The solution went live in July this year. Now every patient has but one care plan – “the plan fits to the patient, not the patient to multiple plans” – which is bespoke to them and their changing needs.

The core plan centres on eating, drinking, sleeping and managing risks of falls and so on. Then if a patient has an additional need – because, for instance, they have diabetes – the nurse simply clicks a few buttons to add that to the core plan. As a patient recovers or becomes more unwell, the plan is quickly adapted accordingly.

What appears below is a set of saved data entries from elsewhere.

(* Let $\kappa:\operatorname{Arb}\to\operatorname{Mould}$ be the unique operad morphism with $\kappa([2\triangleleft 1])=\frac{1}{u_1(u_1+u_2)}$ and $\kappa([1][2])=\frac{1}{u_1u_2}$. Then for every shrub $P$, $\kappa(P)=f_P$.
   Context: A shrub $P$ on a finite set $I$ is a set $E$ of edges (unordered pairs of distinct elements of $I$) with a height function $h_P:I\to\mathbb{N}$; $j$ covers $i$ if $\{i,j\}\in E$ and $h_P(j)=h_P(i)+1$. Axioms: (1) edges join vertices whose heights differ by $1$; (2) every vertex of positive height covers some vertex; (3) no four distinct $a,b,c,d$ with $a$ covering $b$ and $c$, $c$ covering $d$, $\{b,d\}\notin E$; (4) no five distinct $a,b,c,d,e$ with $a$ covering $c,d$, $b$ covering $d,e$, $\{a,e\}\notin E$, $\{b,c\}\notin E$. $\operatorname{Arb}$ is the set-theoretic operad with $\operatorname{Arb}(I)$ the set of shrubs on $I$, relabelling action, unit the one-vertex shrub, and composition $P\circ_i P'$ defined as the shrub on $(I\setminus\{i\})\sqcup I'$ with height $h_P$ on $I\setminus\{i\}$ and $h_{P'}+h_P(i)$ on $I'$, whose edges are the edges of $P$ not containing $i$, the edges of $P'$, and all pairs $\{j,k\}$ with $j$ adjacent to $i$ in $P$ and $k$ of height $0$ in $P'$. $[a][b]$: shrub on $\{a,b\}$ without edges; $[a\triangleleft b]$: shrub on $\{a,b\}$ with edge $\{a,b\}$, $h(a)=0$, $h(b)=1$. $\operatorname{Mould}(I)=\mathbb{Q}(u_i:i\in I)$ with renaming action and $f\circ_i g=(\sum_{j\in J}u_j)\,g\,f|_{u_i=\sum_{j\in J}u_j}$. A vertex is ramified if it covers at least two distinct vertices; two ramified vertices are equivalent if they cover the same set of vertices; $\operatorname{Ram}(P)$ is the set of equivalence classes, and for $r\in\operatorname{Ram}(P)$, $r^-$ is the common set of vertices covered by elements of $r$. For $S\subseteq I$, $\langle S\rangle_P$ is the set of $j\in I$ such that every descending path from $j$ (each vertex covering the next) to a vertex of height $0$ meets $S$. $P\setminus\langle r\rangle_P$ is the shrub obtained by restricting $P$ to $I\setminus\langle r\rangle_P$. With $u[S]=\sum_{k\in S}u_k$, $$f_P=\frac{1}{\prod_{i\in I}u[\langle\{i\}\rangle_P]}\prod_{r\in\operatorname{Ram}(P)}\frac{u[\langle r^-\rangle_{P\setminus\langle r\rangle_P}]}{u[\langle r^-\rangle_P]}.$$ *)

theory Defs
  imports Complex_Main "HOL-Library.Poly_Mapping" "HOL-Computational_Algebra.Fraction_Field"
begin

text \<open>Multivariate polynomials over Q in the variables u_n (n a natural number):
  a monomial is a finitely supported exponent vector, a polynomial a finitely
  supported coefficient map on monomials.  This is an integral domain, and its
  fraction field is the field of rational functions in countably many variables.\<close>

type_synonym mpoly = "(nat \<Rightarrow>\<^sub>0 nat) \<Rightarrow>\<^sub>0 rat"
type_synonym rfun = "mpoly fract"

definition cst :: "rat \<Rightarrow> rfun" where
  "cst c = Fract (Poly_Mapping.single 0 c) 1"

definition u :: "nat \<Rightarrow> rfun" where
  "u n = Fract (Poly_Mapping.single (Poly_Mapping.single n 1) 1) 1"

definition usum :: "nat set \<Rightarrow> rfun" where
  "usum S = (\<Sum>k\<in>S. u k)"

definition pvars :: "mpoly \<Rightarrow> nat set" where
  "pvars p = (\<Union>m\<in>Poly_Mapping.keys p. Poly_Mapping.keys m)"

definition peval :: "(nat \<Rightarrow> rfun) \<Rightarrow> mpoly \<Rightarrow> rfun" where
  "peval g p = (\<Sum>m\<in>Poly_Mapping.keys p.
      cst (Poly_Mapping.lookup p m) * (\<Prod>n\<in>Poly_Mapping.keys m. g n ^ Poly_Mapping.lookup m n))"

text \<open>Substitution u_n := g n in a rational function (well defined, independent
  of the chosen representative, whenever some representative has a denominator
  not evaluating to 0; this is the case for all uses below).\<close>
definition rsubst :: "(nat \<Rightarrow> rfun) \<Rightarrow> rfun \<Rightarrow> rfun" where
  "rsubst g F = (THE r. \<exists>a b. b \<noteq> 0 \<and> peval g b \<noteq> 0 \<and> F = Fract a b \<and> r = peval g a / peval g b)"

definition mould :: "nat set \<Rightarrow> rfun set" where
  "mould I = {F. \<exists>a b. b \<noteq> 0 \<and> pvars a \<subseteq> I \<and> pvars b \<subseteq> I \<and> F = Fract a b}"

definition mrename :: "(nat \<Rightarrow> nat) \<Rightarrow> rfun \<Rightarrow> rfun" where
  "mrename \<sigma> F = rsubst (\<lambda>n. u (\<sigma> n)) F"

definition mcomp :: "nat set \<Rightarrow> nat \<Rightarrow> nat set \<Rightarrow> rfun \<Rightarrow> rfun \<Rightarrow> rfun" where
  "mcomp I i J f g = usum J * g * rsubst (\<lambda>n. if n = i then usum J else u n) f"

text \<open>A shrub: vertex set, edges (2-element sets of vertices), height function
  (normalised to 0 outside the vertex set, so that representations are canonical).\<close>
record shrub =
  verts :: "nat set"
  edges :: "nat set set"
  ht :: "nat \<Rightarrow> nat"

The new setup, which ties into the System C EPR at the trust, also makes it much easier to liaise with patients and carers on plans.

“The trust has lots of computers on wheels now, and the nurses can actually sit at the side of the bed and fill in the care plan with the patient and their relatives.”

It may have been built by Barnsley for Barnsley, but the templates will now be made available to other trusts that use System C. “The program and the way it functions is applicable to any trust,” points out Ms Grant.

“What's mind blowing is that it will never stop. This will develop and expand and improve as time goes on. I can't wait to be part of it.”